From: John Naylor <john(dot)naylor(at)enterprisedb(dot)com>
To: Nathan Bossart <nathandbossart(at)gmail(dot)com>
Cc: Masahiko Sawada <sawada(dot)mshk(at)gmail(dot)com>, Andres Freund <andres(at)anarazel(dot)de>, Matthias van de Meent <boekewurm+postgres(at)gmail(dot)com>, Yura Sokolov <y(dot)sokolov(at)postgrespro(dot)ru>, PostgreSQL-development <pgsql-hackers(at)postgresql(dot)org>
Subject: Re: [PoC] Improve dead tuple storage for lazy vacuum
Date: 2022-09-22 15:11:18
Message-ID: CAFBsxsF6OT+4Hkjm3J1+qtE_OuegWO3D-UQ5hO0krTTrRZ=8hw@mail.gmail.com
Views: Raw Message | Whole Thread | Download mbox | Resend email
Thread:
Lists: pgsql-hackers

On Thu, Sep 22, 2022 at 11:46 AM John Naylor <john(dot)naylor(at)enterprisedb(dot)com>
wrote:
> One thing I want to try soon is storing fewer than 16/32 etc entries, so
that the whole node fits comfortably inside a power-of-two allocation.

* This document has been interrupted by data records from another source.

lemma smean_add_smean_complement:
  assumes "N \<subseteq> {..<n}" "2 * card N = n"
  shows "smean N x + smean ({..<n} - N) x = 2 * smean {..<n} x"
proof -
  have "finite N"
    using assms(1) finite_subset by blast
  then have "card ({..<n} - N) = card N"
    using assms by (simp add: card_Diff_subset)
  moreover have "sum x {..<n} = sum x N + sum x ({..<n} - N)"
    using assms(1) by (simp add: sum.subset_diff)
  ultimately show ?thesis
    by (cases "card N = 0") (simp_all add: smean_def assms(2)[symmetric] field_simps)
qed

lemma Sstar_pos:
  assumes "i < n" "j < n" "x i \<noteq> x j"
  shows "0 < Sstar n x"
proof -
  let ?m = "smean {..<n} x"
  have "i \<noteq> j"
    using assms(3) by blast
  then have "1 < real n"
    using assms(1,2) by linarith
  have "(x i - ?m)\<^sup>2 + (x j - ?m)\<^sup>2 > 0"
    using assms(3) by (smt (verit) zero_less_power2 zero_le_power2)
  also have "(x i - ?m)\<^sup>2 + (x j - ?m)\<^sup>2 \<le> (\<Sum>k<n. (x k - ?m)\<^sup>2)"
    using sum_mono2[of "{..<n}" "{i, j}" "\<lambda>k. (x k - ?m)\<^sup>2"] assms \<open>i \<noteq> j\<close> by auto
  finally have "0 < 1 / (real n - 1) * (\<Sum>k<n. (x k - ?m)\<^sup>2)"
    using \<open>1 < real n\<close> by simp
  then show ?thesis
    unfolding Sstar_def by (rule real_sqrt_gt_zero)
qed

lemma Sstar_less:
  assumes "2 \<le> n" "\<And>j. j < n \<Longrightarrow> \<bar>x j - smean {..<n} x\<bar> < \<delta>"
  shows "Sstar n x < 2 * \<delta>"
proof -
  let ?m = "smean {..<n} x"
  have "0 < \<delta>"
    using assms(1) assms(2)[of 0] by linarith
  have "(x i - ?m)\<^sup>2 < \<delta>\<^sup>2" if "i < n" for i
    using power_strict_mono[OF assms(2)[OF that] abs_ge_zero, of 2] by simp
  then have "(\<Sum>i<n. (x i - ?m)\<^sup>2) < (\<Sum>i<n. \<delta>\<^sup>2)"
    using assms(1) by (intro sum_strict_mono) (auto simp: lessThan_empty_iff)
  also have "\<dots> = real n * \<delta>\<^sup>2"
    by simp
  also have "\<dots> \<le> 4 * (real n - 1) * \<delta>\<^sup>2"
    using assms(1) by (intro mult_right_mono) auto
  also have "\<dots> = (real n - 1) * (2 * \<delta>)\<^sup>2"
    by (simp add: power_mult_distrib)
  finally have "1 / (real n - 1) * (\<Sum>i<n. (x i - ?m)\<^sup>2) < (2 * \<delta>)\<^sup>2"
    using assms(1) by (simp add: field_simps)
  then have "Sstar n x < sqrt ((2 * \<delta>)\<^sup>2)"
    unfolding Sstar_def by (rule real_sqrt_less_mono)
  then show ?thesis
    using \<open>0 < \<delta>\<close> real_sqrt_abs[of "2 * \<delta>"] by simp
qed

lemma studentized_sum_less:
  assumes "N \<subseteq> {..<n}" "2 * card N = n" "2 \<le> n" "c < 0"
    and box: "\<And>j. j < n \<Longrightarrow> x j \<in> {c - \<delta><..c}" and "x 0 \<noteq> x 1"
  shows "studentized_sum n N x < c / \<delta>"
proof -
  let ?m = "smean {..<n} x"
  have "(\<Sum>j<n. c - \<delta>) < (\<Sum>j<n. x j)"
    using box assms(3) by (intro sum_strict_mono) (auto simp: lessThan_empty_iff)
  moreover have "(\<Sum>j<n. x j) \<le> (\<Sum>j<n. c)"
    using box by (intro sum_mono) auto
  ultimately have "?m \<in> {c - \<delta><..c}"
    using assms(3) by (simp add: smean_def field_simps)
  then have "\<bar>x j - ?m\<bar> < \<delta>" if "j < n" for j
    using box[OF that] by auto
  then have "Sstar n x < 2 * \<delta>"
    using Sstar_less assms(3) by blast
  have "0 < Sstar n x"
    using Sstar_pos[of 0 n 1 x] assms(3,6) by simp
  have "studentized_sum n N x = 2 * ?m / Sstar n x"
    using assms(1,2) by (simp add: studentized_sum_def smean_add_smean_complement)
  also have "\<dots> \<le> 2 * c / Sstar n x"
    using \<open>?m \<in> {c - \<delta><..c}\<close> \<open>0 < Sstar n x\<close> by (intro divide_right_mono) auto
  also have "\<dots> < 2 * c / (2 * \<delta>)"
    using \<open>Sstar n x < 2 * \<delta>\<close> \<open>0 < Sstar n x\<close> \<open>c < 0\<close>
    by (intro divide_strict_left_mono_neg) auto
  also have "\<dots> = c / \<delta>"
    by simp
  finally show ?thesis .
qed
lemma bessel0_energy_estimate:
  assumes ode: "bessel0_ode_on \<beta> f {A<..<B}" and "0 < A" and "s \<in> {A<..<B}" "t \<in> {A<..<B}"
  shows "(f t)\<^sup>2 + (deriv f t)\<^sup>2 \<le> ((f s)\<^sup>2 + (deriv f s)\<^sup>2) * exp ((1 + \<bar>\<beta>\<bar> + 2 / A) * B)"
proof -
  define K where "K = 1 + \<bar>\<beta>\<bar> + 2 / A"
  define E where "E x = (f x)\<^sup>2 + (deriv f x)\<^sup>2" for x
  have "E b \<le> E a * exp (K * (b - a)) \<and> E a \<le> E b * exp (K * (b - a))"
    if "a \<in> {A<..<B}" "b \<in> {A<..<B}" "a \<le> b" for a b
  proof -
    have "bessel0_ode_on \<beta> f {x}" if "a \<le> x" "x \<le> b" for x
      using \<open>a \<in> {A<..<B}\<close> \<open>b \<in> {A<..<B}\<close> that by (intro bessel0_ode_on_subset[OF ode]) auto
    with \<open>0 < A\<close> \<open>a \<in> {A<..<B}\<close> show ?thesis
      unfolding E_def K_def
      by (intro conjI DERIV_abs_le_imp_exp_bounds[OF \<open>a \<le> b\<close>, where
            g' = "\<lambda>x. 2 * f x * deriv f x + 2 * deriv f x * deriv (deriv f) x"]
          bessel0_energy_deriv_bound) auto
  qed
  then have "E t \<le> E s * exp (K * \<bar>t - s\<bar>)"
    using assms by (cases "s \<le> t") auto
  also have "\<dots> \<le> E s * exp (K * B)"
    using assms by (intro mult_left_mono) (auto simp: E_def K_def intro!: mult_left_mono)
  finally show ?thesis unfolding E_def K_def .
qed

lemma bessel0_vanishes_if_energy_tends_to_zero:
  assumes ode: "bessel0_ode_on \<beta> f {A<..<B}" and "0 < A" and "t \<in> {A<..<B}"
    and "F \<noteq> bot" and "\<forall>\<^sub>F s in F. s \<in> {A<..<B}"
    and "((\<lambda>s. (f s)\<^sup>2 + (deriv f s)\<^sup>2) \<longlongrightarrow> 0) F"
  shows "f t = 0"
proof -
  have "(f t)\<^sup>2 + (deriv f t)\<^sup>2 \<le> 0 * exp ((1 + \<bar>\<beta>\<bar> + 2 / A) * B)"
  proof (rule tendsto_le[OF \<open>F \<noteq> bot\<close> tendsto_mult_right[OF assms(6)] tendsto_const])
    show "\<forall>\<^sub>F s in F. (f t)\<^sup>2 + (deriv f t)\<^sup>2 \<le> ((f s)\<^sup>2 + (deriv f s)\<^sup>2) * exp ((1 + \<bar>\<beta>\<bar> + 2 / A) * B)"
      using assms(5) by eventually_elim (use bessel0_energy_estimate[OF ode \<open>0 < A\<close> _ \<open>t \<in> _\<close>] in blast)
  qed
  then show ?thesis
    by (simp add: sum_power2_le_zero_iff)
qed
definition quasi_lattice_ordered :: "'a::group_add set \<Rightarrow> bool" where
  "quasi_lattice_ordered P \<longleftrightarrow>
     (\<forall>s\<in>P. \<forall>t\<in>P. s + t \<in> P) \<and>
     P \<inter> uminus ` P = {0} \<and>
     (\<forall>x y. (\<exists>z\<in>P. qlo_le P x z \<and> qlo_le P y z) \<longrightarrow>
        (\<exists>z\<in>P. qlo_le P x z \<and> qlo_le P y z \<and>
           (\<forall>w\<in>P. qlo_le P x w \<and> qlo_le P y w \<longrightarrow> qlo_le P z w)))"

definition l2 :: "'a set \<Rightarrow> ('a \<Rightarrow> complex) set" where
  "l2 P = {f. (\<forall>t. t \<notin> P \<longrightarrow> f t = 0) \<and> (\<lambda>t. (cmod (f t))\<^sup>2) summable_on P}"

definition l2norm :: "'a set \<Rightarrow> ('a \<Rightarrow> complex) \<Rightarrow> real" where
  "l2norm P f = sqrt (infsum (\<lambda>t. (cmod (f t))\<^sup>2) P)"

text \<open>Bounded linear operators on \<ell>^2(P) (only their values on \<ell>^2(P) matter).\<close>
definition bounded_op :: "'a set \<Rightarrow> (('a \<Rightarrow> complex) \<Rightarrow> ('a \<Rightarrow> complex)) \<Rightarrow> bool" where
  "bounded_op P A \<longleftrightarrow>
     (\<forall>f\<in>l2 P. A f \<in> l2 P) \<and>
     (\<forall>f\<in>l2 P. \<forall>g\<in>l2 P. \<forall>a b. A (\<lambda>t. a * f t + b * g t) = (\<lambda>t. a * A f t + b * A g t)) \<and>
     (\<exists>C. \<forall>f\<in>l2 P. l2norm P (A f) \<le> C * l2norm P f)"
(* Let $\mathcal C\subseteq\mathbf F_q^n$ be a formally self-orthogonal nonzero linear $[n,k,d]$ code with $2d\le n+1$. Write $p_i=\dim\mathcal P_i$ and $f_i=\dim\mathcal F_i$. Then for all $0\le i\le j\le n$, $$(p_j-p_i)+(f_i-f_j)\le j-i.$$ As a consequence, $\Delta[\mathcal C]\le\lfloor (n-2d+2)/2\rfloor$.
   Context: The coordinate order is fixed. Define $\mathcal P_0=\mathcal F_n=0$, $\mathcal P_n=\mathcal F_0=\mathcal C$, and for $1\le i\le n-1$, $\mathcal P_i=\{(c_1,\dots,c_i):(c_1,\dots,c_i,0,\dots,0)\in\mathcal C\}$ and $\mathcal F_i=\{(c_{i+1},\dots,c_n):(0,\dots,0,c_{i+1},\dots,c_n)\in\mathcal C\}$. $\mathcal C$ is formally self-orthogonal if there is an $n$-tuple $\mathbf x$ of nonzero elements of $\mathbf F_q$ with $\mathcal C\subseteq\mathbf x*\mathcal C^\perp$, where $*$ is coordinate-wise multiplication. Set $\Delta_i=p_i+f_i$ and $\Delta(\mathcal C)=\min_{0\le i\le n}\Delta_i$. Then $\Delta[\mathcal C]$ is the maximum of $\Delta(\mathcal C')$ over all codes $\mathcal C'$ obtained from $\mathcal C$ by permuting coordinates. *)

theory Defs
  imports Complex_Main "HOL-Library.Function_Algebras" "HOL-Combinatorics.Permutations"
begin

That
would allow us to use aset without wasting space for the smaller nodes,
which would be faster and possibly would solve the fragmentation problem
Andres referred to in

>
https://www.postgresql.org/message-id/20220704220038.at2ane5xkymzzssb%40awork3.anarazel.de

While calculating node sizes that fit within a power-of-two size, I noticed
the current base node is a bit wasteful, taking up 8 bytes. The node kind
only has a small number of values, so it doesn't really make sense to use
an enum here in the struct (in fact, Andres' prototype used a uint8 for
node_kind). We could use a bitfield for the count and kind:

uint16 -- kind and count bitfield
uint8 shift;
uint8 chunk;

That's only 4 bytes. Plus, if the kind is ever encoded in a pointer tag,
the bitfield can just go back to being count only.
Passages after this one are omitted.